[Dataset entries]
+++

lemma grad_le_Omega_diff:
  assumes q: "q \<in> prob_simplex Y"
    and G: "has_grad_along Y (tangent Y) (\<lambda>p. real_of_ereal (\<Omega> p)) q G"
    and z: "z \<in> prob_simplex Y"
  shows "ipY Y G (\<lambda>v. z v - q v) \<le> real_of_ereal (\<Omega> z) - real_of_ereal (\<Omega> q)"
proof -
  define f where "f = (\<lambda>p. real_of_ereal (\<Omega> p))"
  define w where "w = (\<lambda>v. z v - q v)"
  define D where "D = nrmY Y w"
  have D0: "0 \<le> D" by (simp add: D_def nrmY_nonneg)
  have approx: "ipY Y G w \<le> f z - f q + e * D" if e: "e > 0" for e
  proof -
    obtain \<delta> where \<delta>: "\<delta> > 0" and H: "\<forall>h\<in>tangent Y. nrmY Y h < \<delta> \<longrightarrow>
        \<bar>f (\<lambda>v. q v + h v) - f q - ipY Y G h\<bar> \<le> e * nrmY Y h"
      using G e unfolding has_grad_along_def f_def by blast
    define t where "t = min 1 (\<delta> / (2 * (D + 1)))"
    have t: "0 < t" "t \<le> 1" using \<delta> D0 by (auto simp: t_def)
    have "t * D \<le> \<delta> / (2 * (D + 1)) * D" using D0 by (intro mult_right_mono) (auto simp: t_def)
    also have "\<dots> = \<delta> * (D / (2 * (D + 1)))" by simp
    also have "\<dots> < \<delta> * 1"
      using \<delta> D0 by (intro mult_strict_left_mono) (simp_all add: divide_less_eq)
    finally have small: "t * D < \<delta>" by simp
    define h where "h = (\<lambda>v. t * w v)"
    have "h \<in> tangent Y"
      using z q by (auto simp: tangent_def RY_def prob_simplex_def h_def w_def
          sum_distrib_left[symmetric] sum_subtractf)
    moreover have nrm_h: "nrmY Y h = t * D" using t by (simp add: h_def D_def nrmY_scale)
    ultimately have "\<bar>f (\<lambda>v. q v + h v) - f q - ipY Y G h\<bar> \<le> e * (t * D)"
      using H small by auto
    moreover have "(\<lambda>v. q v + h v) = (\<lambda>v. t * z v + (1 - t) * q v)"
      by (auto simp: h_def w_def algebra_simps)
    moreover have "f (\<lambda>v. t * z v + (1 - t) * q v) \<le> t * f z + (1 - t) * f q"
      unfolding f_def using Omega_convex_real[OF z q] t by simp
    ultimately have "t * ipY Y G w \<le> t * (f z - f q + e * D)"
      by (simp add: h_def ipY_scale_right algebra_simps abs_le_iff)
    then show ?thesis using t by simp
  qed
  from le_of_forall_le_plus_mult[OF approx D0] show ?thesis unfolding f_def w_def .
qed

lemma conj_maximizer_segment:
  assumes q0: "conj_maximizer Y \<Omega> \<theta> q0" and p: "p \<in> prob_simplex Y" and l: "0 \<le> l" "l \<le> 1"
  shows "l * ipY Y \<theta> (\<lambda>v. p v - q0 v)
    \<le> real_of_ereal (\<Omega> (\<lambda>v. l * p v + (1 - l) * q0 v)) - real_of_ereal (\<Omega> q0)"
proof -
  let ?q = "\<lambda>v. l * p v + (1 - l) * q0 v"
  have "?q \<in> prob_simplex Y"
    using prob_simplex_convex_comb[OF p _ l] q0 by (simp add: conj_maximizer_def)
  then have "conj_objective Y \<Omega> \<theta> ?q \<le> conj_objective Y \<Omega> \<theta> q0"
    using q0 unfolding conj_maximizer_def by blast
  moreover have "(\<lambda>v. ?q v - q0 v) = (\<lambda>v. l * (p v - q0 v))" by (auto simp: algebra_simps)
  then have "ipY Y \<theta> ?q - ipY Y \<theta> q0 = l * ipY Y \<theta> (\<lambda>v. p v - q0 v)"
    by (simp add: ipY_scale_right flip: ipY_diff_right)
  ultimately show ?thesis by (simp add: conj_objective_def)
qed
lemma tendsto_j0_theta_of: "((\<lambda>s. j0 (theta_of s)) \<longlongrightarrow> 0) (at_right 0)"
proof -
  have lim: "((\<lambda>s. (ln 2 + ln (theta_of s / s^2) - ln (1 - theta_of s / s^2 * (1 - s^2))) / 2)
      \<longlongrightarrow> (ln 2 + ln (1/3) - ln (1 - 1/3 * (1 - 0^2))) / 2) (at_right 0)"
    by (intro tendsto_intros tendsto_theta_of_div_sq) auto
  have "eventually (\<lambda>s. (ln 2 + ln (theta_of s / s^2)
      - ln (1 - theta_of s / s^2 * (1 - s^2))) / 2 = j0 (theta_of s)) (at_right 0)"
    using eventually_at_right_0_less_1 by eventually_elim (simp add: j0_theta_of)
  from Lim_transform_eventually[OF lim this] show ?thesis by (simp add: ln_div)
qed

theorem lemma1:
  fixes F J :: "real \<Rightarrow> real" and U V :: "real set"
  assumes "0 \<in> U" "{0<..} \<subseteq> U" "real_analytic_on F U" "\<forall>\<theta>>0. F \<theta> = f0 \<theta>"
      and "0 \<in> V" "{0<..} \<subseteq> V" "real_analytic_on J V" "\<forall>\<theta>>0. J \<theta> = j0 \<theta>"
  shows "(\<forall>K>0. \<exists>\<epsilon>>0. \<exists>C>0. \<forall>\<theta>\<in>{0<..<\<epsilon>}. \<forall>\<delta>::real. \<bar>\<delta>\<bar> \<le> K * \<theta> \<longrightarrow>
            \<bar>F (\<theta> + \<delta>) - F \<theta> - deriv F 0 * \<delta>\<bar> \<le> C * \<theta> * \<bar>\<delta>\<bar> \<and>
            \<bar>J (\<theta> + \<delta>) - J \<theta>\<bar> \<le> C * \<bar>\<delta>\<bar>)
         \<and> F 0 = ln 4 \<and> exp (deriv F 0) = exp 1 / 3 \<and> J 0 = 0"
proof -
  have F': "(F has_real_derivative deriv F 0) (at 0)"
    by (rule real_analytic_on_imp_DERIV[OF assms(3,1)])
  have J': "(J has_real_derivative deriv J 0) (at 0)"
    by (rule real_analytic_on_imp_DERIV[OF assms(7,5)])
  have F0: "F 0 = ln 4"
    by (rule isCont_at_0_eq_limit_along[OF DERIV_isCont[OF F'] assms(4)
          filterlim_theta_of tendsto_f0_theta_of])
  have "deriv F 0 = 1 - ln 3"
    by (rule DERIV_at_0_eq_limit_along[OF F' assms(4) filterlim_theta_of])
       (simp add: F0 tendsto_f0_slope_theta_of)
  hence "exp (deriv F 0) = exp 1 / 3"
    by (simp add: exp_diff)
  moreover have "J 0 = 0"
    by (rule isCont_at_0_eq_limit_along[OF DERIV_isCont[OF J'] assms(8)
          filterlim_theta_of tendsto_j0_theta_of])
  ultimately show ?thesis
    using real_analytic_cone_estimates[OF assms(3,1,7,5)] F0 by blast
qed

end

+++

- **Task description**:
Set the data down again in full. Keep it exact.

- **Finished exercise**:
lemma grad_le_Omega_diff:
  assumes q: "q \<in> prob_simplex Y"
    and G: "has_grad_along Y (tangent Y) (\<lambda>p. real_of_ereal (\<Omega> p)) q G"
    and z: "z \<in> prob_simplex Y"
  shows "ipY Y G (\<lambda>v. z v - q v) \<le> real_of_ereal (\<Omega> z) - real_of_ereal (\<Omega> q)"
proof -
  define f where "f = (\<lambda>p. real_of_ereal (\<Omega> p))"
  define w where "w = (\<lambda>v. z v - q v)"
  define D where "D = nrmY Y w"
  have D0: "0 \<le> D" by (simp add: D_def nrmY_nonneg)
  have approx: "ipY Y G w \<le> f z - f q + e * D" if e: "e > 0" for e
  proof -
    obtain \<delta> where \<delta>: "\<delta> > 0" and H: "\<forall>h\<in>tangent Y. nrmY Y h < \<delta> \<longrightarrow>
        \<bar>f (\<lambda>v. q v + h v) - f q - ipY Y G h\<bar> \<le> e * nrmY Y h"
      using G e unfolding has_grad_along_def f_def by blast
    define t where "t = min 1 (\<delta> / (2 * (D + 1)))"
    have t: "0 < t" "t \<le> 1" using \<delta> D0 by (auto simp: t_def)
    have "t * D \<le> \<delta> / (2 * (D + 1)) * D" using D0 by (intro mult_right_mono) (auto simp: t_def)
    also have "\<dots> = \<delta> * (D / (2 * (D + 1)))" by simp
    also have "\<dots> < \<delta> * 1"
      using \<delta> D0 by (intro mult_strict_left_mono) (simp_all add: divide_less_eq)
    finally have small: "t * D < \<delta>" by simp
    define h where "h = (\<lambda>v. t * w v)"
    have "h \<in> tangent Y"
      using z q by (auto simp: tangent_def RY_def prob_simplex_def h_def w_def
          sum_distrib_left[symmetric] sum_subtractf)
    moreover have nrm_h: "nrmY Y h = t * D" using t by (simp add: h_def D_def nrmY_scale)
    ultimately have "\<bar>f (\<lambda>v. q v + h v) - f q - ipY Y G h\<bar> \<le> e * (t * D)"
      using H small by auto
    moreover have "(\<lambda>v. q v + h v) = (\<lambda>v. t * z v + (1 - t) * q v)"
      by (auto simp: h_def w_def algebra_simps)
    moreover have "f (\<lambda>v. t * z v + (1 - t) * q v) \<le> t * f z + (1 - t) * f q"
      unfolding f_def using Omega_convex_real[OF z q] t by simp
    ultimately have "t * ipY Y G w \<le> t * (f z - f q + e * D)"
      by (simp add: h_def ipY_scale_right algebra_simps abs_le_iff)
    then show ?thesis using t by simp
  qed
  from le_of_forall_le_plus_mult[OF approx D0] show ?thesis unfolding f_def w_def .
qed

lemma conj_maximizer_segment:
  assumes q0: "conj_maximizer Y \<Omega> \<theta> q0" and p: "p \<in> prob_simplex Y" and l: "0 \<le> l" "l \<le> 1"
  shows "l * ipY Y \<theta> (\<lambda>v. p v - q0 v)
    \<le> real_of_ereal (\<Omega> (\<lambda>v. l * p v + (1 - l) * q0 v)) - real_of_ereal (\<Omega> q0)"
proof -
  let ?q = "\<lambda>v. l * p v + (1 - l) * q0 v"
  have "?q \<in> prob_simplex Y"
    using prob_simplex_convex_comb[OF p _ l] q0 by (simp add: conj_maximizer_def)
  then have "conj_objective Y \<Omega> \<theta> ?q \<le> conj_objective Y \<Omega> \<theta> q0"
    using q0 unfolding conj_maximizer_def by blast
  moreover have "(\<lambda>v. ?q v - q0 v) = (\<lambda>v. l * (p v - q0 v))" by (auto simp: algebra_simps)
  then have "ipY Y \<theta> ?q - ipY Y \<theta> q0 = l * ipY Y \<theta> (\<lambda>v. p v - q0 v)"
    by (simp add: ipY_scale_right flip: ipY_diff_right)
  ultimately show ?thesis by (simp add: conj_objective_def)
qed
lemma tendsto_j0_theta_of: "((\<lambda>s. j0 (theta_of s)) \<longlongrightarrow> 0) (at_right 0)"
proof -
  have lim: "((\<lambda>s. (ln 2 + ln (theta_of s / s^2) - ln (1 - theta_of s / s^2 * (1 - s^2))) / 2)
      \<longlongrightarrow> (ln 2 + ln (1/3) - ln (1 - 1/3 * (1 - 0^2))) / 2) (at_right 0)"
    by (intro tendsto_intros tendsto_theta_of_div_sq) auto
  have "eventually (\<lambda>s. (ln 2 + ln (theta_of s / s^2)
      - ln (1 - theta_of s / s^2 * (1 - s^2))) / 2 = j0 (theta_of s)) (at_right 0)"
    using eventually_at_right_0_less_1 by eventually_elim (simp add: j0_theta_of)
  from Lim_transform_eventually[OF lim this] show ?thesis by (simp add: ln_div)
qed

theorem lemma1:
  fixes F J :: "real \<Rightarrow> real" and U V :: "real set"
  assumes "0 \<in> U" "{0<..} \<subseteq> U" "real_analytic_on F U" "\<forall>\<theta>>0. F \<theta> = f0 \<theta>"
      and "0 \<in> V" "{0<..} \<subseteq> V" "real_analytic_on J V" "\<forall>\<theta>>0. J \<theta> = j0 \<theta>"
  shows "(\<forall>K>0. \<exists>\<epsilon>>0. \<exists>C>0. \<forall>\<theta>\<in>{0<..<\<epsilon>}. \<forall>\<delta>::real. \<bar>\<delta>\<bar> \<le> K * \<theta> \<longrightarrow>
            \<bar>F (\<theta> + \<delta>) - F \<theta> - deriv F 0 * \<delta>\<bar> \<le> C * \<theta> * \<bar>\<delta>\<bar> \<and>
            \<bar>J (\<theta> + \<delta>) - J \<theta>\<bar> \<le> C * \<bar>\<delta>\<bar>)
         \<and> F 0 = ln 4 \<and> exp (deriv F 0) = exp 1 / 3 \<and> J 0 = 0"
proof -
  have F': "(F has_real_derivative deriv F 0) (at 0)"
    by (rule real_analytic_on_imp_DERIV[OF assms(3,1)])
  have J': "(J has_real_derivative deriv J 0) (at 0)"
    by (rule real_analytic_on_imp_DERIV[OF assms(7,5)])
  have F0: "F 0 = ln 4"
    by (rule isCont_at_0_eq_limit_along[OF DERIV_isCont[OF F'] assms(4)
          filterlim_theta_of tendsto_f0_theta_of])
  have "deriv F 0 = 1 - ln 3"
    by (rule DERIV_at_0_eq_limit_along[OF F' assms(4) filterlim_theta_of])
       (simp add: F0 tendsto_f0_slope_theta_of)
  hence "exp (deriv F 0) = exp 1 / 3"
    by (simp add: exp_diff)
  moreover have "J 0 = 0"
    by (rule isCont_at_0_eq_limit_along[OF DERIV_isCont[OF J'] assms(8)
          filterlim_theta_of tendsto_j0_theta_of])
  ultimately show ?thesis
    using real_analytic_cone_estimates[OF assms(3,1,7,5)] F0 by blast
qed

end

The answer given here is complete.